Open sidoh opened 7 years ago
the implementation of "dance mode" makes clear... Mi.Light is a child toy, not a professional lighting product.
fut105-dance.txt.gz I captured these packets from a pair of FUT105 on 2473MHz, Syncword 147a258b. This is a pretty full "normal" exercise of the bulbs, no weird power cycle or attempts to disrupt operation.
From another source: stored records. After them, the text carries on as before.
(* Let $n\in\mathbb N$ and $x_0\le x_1\le\dots\le x_n$ real numbers. For $j=1,\dots,n$ let $\widehat f_j\in C^\infty([x_{j-1},x_j])$ ($\mathbb F$-valued). Assume that $\widehat f_i^{(k)}(x_i)=\widehat f_{i+1}^{(k)}(x_i)$ for all $0\le k\le i-1$ and all $i\in\{1,\dots,n-1\}$. Then for every $\delta>0$ there exists $F\in C^{n-1}([x_0,x_n])$ such that for all $k=0,\dots,n-1$, $$|F^{(k)}(x)-\widehat f_j^{(k)}(x)|<\delta\quad\text{for all }x\in[x_{j-1},x_j]\text{ and all }j\in\{k+1,\dots,n\}.$$
   Context: $\mathbb F\in\{\mathbb R,\mathbb C\}$. Convention for possibly degenerate intervals: for $\alpha<\beta$, $C^m([\alpha,\beta])$ (resp. $C^\infty([\alpha,\beta])$) is the space of $m$-times continuously (resp. infinitely) differentiable functions on $[\alpha,\beta]$ with one-sided derivatives at the endpoints. For a degenerate interval $\{\alpha\}$, $C^m(\{\alpha\})$ is identified with $\mathbb F^{m+1}$ and $C^\infty(\{\alpha\})$ with the space of sequences $(a_k)_{k\ge0}\subset\mathbb F$, with the notation $f^{(k)}(\alpha)=a_k$. *)

theory Defs
  imports "HOL-Analysis.Analysis"
begin

text \<open>A function of class C^m on a possibly degenerate interval [a,b] is represented by
  its derivative data: f k is the k-th derivative (k \<le> m).  For a degenerate interval a = b, the data f k a (k \<le> m) are arbitrary
  scalars, matching the identification C^m({a}) = F^(m+1).\<close>

definition Cm_on :: "nat \<Rightarrow> real \<Rightarrow> real \<Rightarrow> (nat \<Rightarrow> real \<Rightarrow> 'a::real_normed_vector) \<Rightarrow> bool" where
  "Cm_on m a b f \<longleftrightarrow>
     (a < b \<longrightarrow>
        (\<forall>k\<le>m. continuous_on {a..b} (f k)) \<and>
        (\<forall>k<m. \<forall>t\<in>{a..b}. (f k has_vector_derivative f (Suc k) t) (at t within {a..b})))"

definition Cinf_on :: "real \<Rightarrow> real \<Rightarrow> (nat \<Rightarrow> real \<Rightarrow> 'a::real_normed_vector) \<Rightarrow> bool" where
  "Cinf_on a b f \<longleftrightarrow> (\<forall>m. Cm_on m a b f)"

end

theory Submission
  imports Defs
begin

text \<open>
  Induct on the number of pieces, splitting off the leftmost one, with the matching hypothesis
  strengthened by an extra order \<open>s\<close>. The induction hypothesis, applied to the pieces
  \<open>2, \<dots>, n\<close> with \<open>s + 1\<close>, gives a function \<open>G\<close> whose jet at \<open>x\<^sub>1\<close> agrees with that of
  \<open>f\<^sub>1\<close> only up to order \<open>s\<close>. On \<open>[x\<^sub>0, x\<^sub>1]\<close> we therefore add to \<open>f\<^sub>1\<close> multiples of bump
  functions \<open>\<phi>\<^sub>m\<close> (\<open>m > s\<close>) whose jet at \<open>x\<^sub>1\<close> is the \<open>m\<close>-th unit vector, whose jet at
  \<open>x\<^sub>0\<close> vanishes, and whose derivatives of order \<open>< m\<close> are uniformly small; the result can be
  glued to \<open>G\<close> and stays \<open>\<delta>\<close>-close to \<open>f\<^sub>1\<close> up to order \<open>s\<close>. The bumps are polynomials
  rescaled to an interval of length \<open>\<eta>\<close>, which multiplies their \<open>k\<close>-th derivative by
  \<open>\<eta>\<^sup>m\<^sup>-\<^sup>k\<close>.
\<close>

lemma has_vector_derivative_bot:
  assumes "at t within S = bot"
  shows "(f has_vector_derivative f') (at t within S)"
  using assms by (simp add: has_vector_derivative_def bounded_linear_scaleR_left has_derivative_bot)

lemma has_vector_derivative_within_Un:
  assumes "(f has_vector_derivative f') (at t within S)"
    and "(f has_vector_derivative f') (at t within T)"
  shows "(f has_vector_derivative f') (at t within S \<union> T)"
  using assms unfolding has_vector_derivative_def has_derivative_at_within
  by (auto intro: Lim_Un)

text \<open>Both sides are trivially true when \<open>b \<le> a\<close>: then \<open>{a..b}\<close> is empty or \<open>{a}\<close>, and
  \<open>at a within {a}\<close> is the trivial filter.\<close>

lemma Cm_on_iff:
  "Cm_on m a b f \<longleftrightarrow>
     (\<forall>k\<le>m. continuous_on {a..b} (f k)) \<and>
     (\<forall>k<m. \<forall>t\<in>{a..b}. (f k has_vector_derivative f (Suc k) t) (at t within {a..b}))"
proof (cases "a < b")
  case False
  then have "{a..b} = {} \<or> {a..b} = {a}" by auto
  then show ?thesis
    by (auto simp: Cm_on_def at_within_eq_bot_iff intro: has_vector_derivative_bot)
qed (simp add: Cm_on_def)

lemma Cm_on_cong:
  assumes "Cm_on m a b g" and "\<And>k t. k \<le> m \<Longrightarrow> t \<in> {a..b} \<Longrightarrow> f k t = g k t"
  shows "Cm_on m a b f"
  using assms unfolding Cm_on_iff
  by (auto intro: continuous_on_eq has_vector_derivative_transform)

lemma Cm_on_glue:
  assumes "a \<le> b" "b \<le> c" and f: "Cm_on m a b f" and g: "Cm_on m b c g"
    and match: "\<And>k. k \<le> m \<Longrightarrow> f k b = g k b"
  shows "Cm_on m a c (\<lambda>k t. if t \<le> b then f k t else g k t)"
proof -
  let ?h = "\<lambda>k t. if t \<le> b then f k t else g k t"
  have interval_split: "{a..c} = {a..b} \<union> {b..c}" using assms(1,2) by auto
  have left: "Cm_on m a b ?h" by (rule Cm_on_cong[OF f]) auto
  have right: "Cm_on m b c ?h" by (rule Cm_on_cong[OF g]) (use match in auto)
  show ?thesis
    unfolding Cm_on_iff
  proof (intro conjI allI impI ballI)
    fix k assume "k \<le> m"
    then show "continuous_on {a..c} (?h k)"
      unfolding interval_split using left right unfolding Cm_on_iff
      by (intro continuous_on_closed_Un) auto
  next
    fix k t assume "k < m" "t \<in> {a..c}"
    have "(?h k has_vector_derivative ?h (Suc k) t) (at t within S)"
      if "Cm_on m u v ?h" "S = {u..v}" for u v S
    proof (cases "t \<in> S")
      case True
      then show ?thesis using that \<open>k < m\<close> unfolding Cm_on_iff by blast
    next
      case False
      then show ?thesis
        using that by (intro has_vector_derivative_bot) (simp add: at_within_eq_bot_iff)
    qed
    from this[OF left refl] this[OF right refl]
    show "(?h k has_vector_derivative ?h (Suc k) t) (at t within {a..c})"
      unfolding interval_split by (rule has_vector_derivative_within_Un)
  qed
qed

lemma Cm_on_zero: "Cm_on m a b (\<lambda>k t. 0)"
  unfolding Cm_on_iff by (simp add: has_vector_derivative_const)

lemma Cm_on_add:
  assumes "Cm_on m a b f" "Cm_on m a b g"
  shows "Cm_on m a b (\<lambda>k t. f k t + g k t)"
  using assms unfolding Cm_on_iff by (auto intro: continuous_on_add has_vector_derivative_add)

lemma Cm_on_sum:
  assumes "\<And>i. i \<in> I \<Longrightarrow> Cm_on m a b (f i)"
  shows "Cm_on m a b (\<lambda>k t. \<Sum>i\<in>I. f i k t)"
  using assms
proof (induction I rule: infinite_finite_induct)
  case (insert i I)
  then show ?case by (simp add: Cm_on_add)
qed (simp_all add: Cm_on_zero)

lemma Cm_on_scaleR_const:
  assumes "Cm_on m a b \<phi>"
  shows "Cm_on m a b (\<lambda>k t. \<phi> k t *\<^sub>R c)"
  unfolding Cm_on_iff
proof (intro conjI allI impI ballI)
  fix k assume "k \<le> m"
  then show "continuous_on {a..b} (\<lambda>t. \<phi> k t *\<^sub>R c)"
    using assms unfolding Cm_on_iff by (intro continuous_on_scaleR continuous_on_const) auto
next
  fix k t assume "k < m" "t \<in> {a..b}"
  then have "(\<phi> k has_real_derivative \<phi> (Suc k) t) (at t within {a..b})"
    using assms unfolding Cm_on_iff has_real_derivative_iff_has_vector_derivative by blast
  then show "((\<lambda>t. \<phi> k t *\<^sub>R c) has_vector_derivative \<phi> (Suc k) t *\<^sub>R c) (at t within {a..b})"
    using has_vector_derivative_scaleR[OF _ has_vector_derivative_const] by fastforce
qed

lemma Cm_on_of_has_vector_derivative_at:
  assumes "\<And>k t. (f k has_vector_derivative f (Suc k) t) (at t)"
  shows "Cm_on m a b f"
  unfolding Cm_on_iff
  using assms by (metis has_vector_derivative_at_within has_vector_derivative_continuous
      continuous_at_imp_continuous_on)

lemma poly_higher_pderiv_0:
  "poly ((pderiv ^^ k) p) 0 = fact k * coeff p k"
  by (simp add: poly_0_coeff_0 coeff_higher_pderiv pochhammer_fact)

lemma poly_higher_pderiv_multiple_root:
  fixes p :: "'a::idom poly"
  assumes "[:-c, 1:] ^ r dvd p" "k < r"
  shows "poly ((pderiv ^^ k) p) c = 0"
  using assms
proof (induction k arbitrary: p r)
  case 0
  then have "[:-c, 1:] dvd p"
    using dvd_power[of r "[:-c, 1:]"] dvd_trans by blast
  then show ?case by (simp add: poly_eq_0_iff_dvd)
next
  case (Suc k)
  then obtain r' where r: "r = Suc r'" by (cases r) auto
  with Suc.prems obtain q where p: "p = [:-c, 1:] ^ Suc r' * q" by (auto elim: dvdE)
  have "pderiv p = [:-c, 1:] ^ r' * (smult (of_nat (Suc r')) q + [:-c, 1:] * pderiv q)"
    unfolding p pderiv_mult pderiv_power_Suc by (simp add: algebra_simps pderiv_pCons)
  then have "[:-c, 1:] ^ r' dvd pderiv p" by simp
  then show ?case
    using Suc.IH[of r' "pderiv p"] Suc.prems(2) r by (simp add: funpow_Suc_right del: funpow.simps)
qed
I realized later my capture screwed up and filter CRC, but I didn't want to revisit it.
The inconsistency between the ID in these packets and the output of decode_packet.py of the FUT089 log I posted yesterday (B8 issue) make me suspect your constant is still wrong
the implementation of "dance mode" makes clear... Mi.Light is a child toy, not a professional lighting product.
I'd question the judgment of anyone who bought milight bulbs expecting to get a "professional lighting product." :)
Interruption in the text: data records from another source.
theorem lemma4p4:
  fixes k :: nat and q a b :: real and y :: "nat \<Rightarrow> real"
  assumes "k \<ge> 2"
    and "1/2 < q" and "q < 1"
    and "y \<in> simplex k"
    and "\<forall>i<k. y i > 0"
    and "\<forall>z\<in>simplex k. P k q z \<le> P k q y"
    and "\<exists>i<k. y i \<noteq> 1 / real k"
    and "a < 1 - q" and "1 - q < b"
    and "\<forall>i<k. y i = a \<or> y i = b"
    and "\<exists>i<k. y i = a" and "\<exists>i<k. y i = b"
  shows "card {i. i < k \<and> y i = b} = 1"
proof (rule ccontr)
  \<comment> \<open>Besides interior maximality, only 0 < q < 1 and a < b are used.\<close>
  interpret interior_maximizer k q y
    using assms(1-6) by unfold_locales auto
  obtain i0 where i0: "i0 < k" "y i0 = a" using assms(11) by blast
  obtain i1 where i1: "i1 < k" "y i1 = b" using assms(12) by blast
  assume "card {i. i < k \<and> y i = b} \<noteq> 1"
  then have "{i. i < k \<and> y i = b} \<noteq> {i1}" by (metis is_singleton_altdef is_singletonI)
  then obtain i2 where i2: "i2 < k" "y i2 = b" "i2 \<noteq> i1" using i1 by blast
  have "a < b" using assms(8,9) by simp
  then have ab: "0 < a" "a < b" "b < 1" using pos coord_less_one i0 i1 by auto
  have "i1 \<noteq> i0" using i0 i1 \<open>a < b\<close> by auto
  from first_order_condition[OF i1(1) i0(1) this]
  have "q * (\<Sum>l<k. odds q (y l)) < odds_weight' q b * (1 - b) + odds_weight q b"
    using first_order_condition_violates_second_order[OF q ab] i0 i1 by simp
  moreover have "odds_weight' q b * (1 - b) + odds_weight q b \<le> q * (\<Sum>l<k. odds q (y l))"
    using second_order_condition[OF i1(1) i2(1)] i1 i2 by simp
  ultimately show False by simp
qed
lemma
  fixes p m :: nat and \<beta> :: real
  assumes p: "p \<ge> 1" and \<beta>: "\<beta> > (real m + 1) / (2 * real p)"
  defines "c \<equiv> 1 / (2 * real p)"
    and "d \<equiv> (real m + 1) / (2 * real p)"
  shows set_integrable_power_div_even_power_add_one_powr:
      "set_integrable lborel {0<..} (\<lambda>t. t ^ m / (t ^ (2 * p) + 1) powr \<beta>)"
    and set_integral_power_div_even_power_add_one_powr:
      "(LINT t:{0<..}|lborel. t ^ m / (t ^ (2 * p) + 1) powr \<beta>) = c * Beta d (\<beta> - d)"
proof -
  define g where "g = (\<lambda>x. (x / (1 - x)) powr c)"
  define g' where "g' = (\<lambda>x. c * (x / (1 - x)) powr (c - 1) / (1 - x)\<^sup>2)"
  define k where "k t = t ^ m / (t ^ (2 * p) + 1) powr \<beta>" for t :: real
  define B where "B x = c * (x powr (d - 1) * (1 - x) powr (\<beta> - d - 1))" for x :: real
  have c: "c > 0" "\<beta> - d > 0" "c * (2 * real p) = 1" "d > 0" "d = c * real m + c"
    using p \<beta> by (auto simp: c_def d_def field_simps)
  have einterval_0_1: "einterval 0 1 = {0<..<(1::real)}"
    by (auto simp: einterval_def zero_ereal_def one_ereal_def)
  have einterval_0_inf: "einterval 0 \<infinity> = ({0<..} :: real set)"
    by (auto simp: einterval_def zero_ereal_def)
  have subst: "k (g x) * g' x = B x" if "0 < x" "x < 1" for x
    using Beta_substitution_identity[OF that c(3), of m \<beta>] c(5)
    unfolding k_def g_def g'_def B_def by simp
  have Beta: "(B has_integral c * Beta d (\<beta> - d)) {0<..<1}"
    unfolding B_def using has_integral_Beta_real[of d "\<beta> - d"] c
    by (intro has_integral_mult_right) (simp add: has_integral_Icc_iff_Ioo)
  have "set_integrable lborel {0<..<1} (\<lambda>x. x powr (d - 1) * (1 - x) powr (\<beta> - d - 1))"
    by (rule set_integrable_subset[OF integrable_Beta[of d "\<beta> - d"]]) (use c in auto)
  then have B_integrable: "set_integrable lborel {0<..<1} B"
    unfolding B_def by (rule set_integrable_mult_right)
  have "set_integrable lborel {0<..<1} (\<lambda>x. k (g x) * g' x) = set_integrable lborel {0<..<1} B"
    by (rule set_integrable_cong) (auto simp: subst)
  with B_integrable have kg_integrable: "set_integrable lborel (einterval 0 1) (\<lambda>x. k (g x) * g' x)"
    by (simp add: einterval_0_1)
  have deriv: "(g has_real_derivative g' x) (at x)" if "0 < x" "x < 1" for x
    using Beta_substitution_has_derivative[OF c(1) that] by (simp add: g_def g'_def)
  have g'_cont: "isCont g' x" if "0 < x" "x < 1" for x
    using Beta_substitution_derivative_cont[OF c(1) that] by (simp add: g'_def)
  have g'_nonneg: "g' x \<ge> 0" if "0 \<le> x" "x \<le> 1" for x
    using Beta_substitution_derivative_nonneg[OF c(1) that] by (simp add: g'_def)
  note substitution = interval_integral_substitution_nonneg[of 0 1 g g' k 0 \<infinity>, OF _ deriv _ g'_cont _
      g'_nonneg Beta_substitution_tendsto_0[OF c(1), folded g_def]
      Beta_substitution_tendsto_infinity[OF c(1), folded g_def] kg_integrable]
  have k_cont: "isCont k y" for y
    unfolding k_def using even_power_add_pos[of 1 y p] by (intro continuous_intros) auto
  have k: "(\<lambda>t. t ^ m / (t ^ (2 * p) + 1) powr \<beta>) = k" by (simp add: k_def fun_eq_iff)
  have "set_integrable lborel (einterval 0 \<infinity>) k"
    by (rule substitution(1)) (auto simp: zero_ereal_def one_ereal_def k_cont k_def g_def)
  then show "set_integrable lborel {0<..} (\<lambda>t. t ^ m / (t ^ (2 * p) + 1) powr \<beta>)"
    unfolding k einterval_0_inf .
  have "(LBINT t=0..\<infinity>. k t) = (LBINT x=0..1. k (g x) * g' x)"
    by (rule substitution(2)) (auto simp: zero_ereal_def one_ereal_def k_cont k_def g_def)
  then have "(LINT t:{0<..}|lborel. t ^ m / (t ^ (2 * p) + 1) powr \<beta>) = (LBINT x=0..1. k (g x) * g' x)"
    unfolding k interval_lebesgue_integral_def einterval_0_inf by simp
  also have "\<dots> = (LBINT x:{0<..<1}. B x)"
    unfolding interval_lebesgue_integral_def einterval_0_1 by (auto intro!: set_lebesgue_integral_cong subst)
  also have "\<dots> = c * Beta d (\<beta> - d)"
    using set_borel_integral_eq_integral(2)[OF B_integrable] Beta by (auto simp: has_integral_iff)
  finally show "(LINT t:{0<..}|lborel. t ^ m / (t ^ (2 * p) + 1) powr \<beta>) = c * Beta d (\<beta> - d)" .
qed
EDIT - this sounded more brusque than I meant for it to. I totally agree that the modes are really silly. I initially didn't support modes because I didn't think people would use them, but eventually people asked for support.
The inconsistency between the ID in these packets and the output of decode_packet.py of the FUT089 log I posted yesterday (B8 issue) make me suspect your constant is still wrong
Right, I've noticed the same thing (see my notes in this comment from July).
There are other signals that something is off too. For example, there's a random +2 in the encoding for the checksum byte that isn't present for other bytes.
But at this point I don't think there's any utility in having the "right" ID. Packets are reliably decoded, and changing the parameters would be a breaking change without some really ugly code. In fact, it might be the case that two IDs aren't distinguishable as long as (id1 & 0x7F7F) == (id2 & 0x7F7F)
holds because of the way the "encryption" key is generated.
EDIT - I should acknowledge that this is a good catch, and that I could be wrong about the having the right ID not mattering.
Ah, theres a problem with the high bits but that doesn't usually matter, and it's only some bytes. Maybe it's not even a problem with your code but an artifact of theirs. I'll hold off any further speculation until I'm able to wrap my head around the code.
Hey, if you read the marketing, Mi.Light bulbs have native WiFi support and capable of 16 million colors, and the dance modes are awesome and a pleasure to look at. ...the fact that they never considered saturation yet spent countless development on a dynamic RF synchronization protocol.
It really is bizarrely complex - change to a separate frequency, then bulbs seem to dynamically select a "master node" and each time there is a significant topology change, some sort of a counter is incremented... All to synchronize terrible patterns. Their higher-end DMX products claim to support user-definable patterns; maybe that will trickle down someday. My 6W RGBW bulbs support 16 modes (10-16 are the same as the first - rainbow color cycle). I say "support" because they save unique brightness settings to EEPROM and restore when you activate same as the supported modes.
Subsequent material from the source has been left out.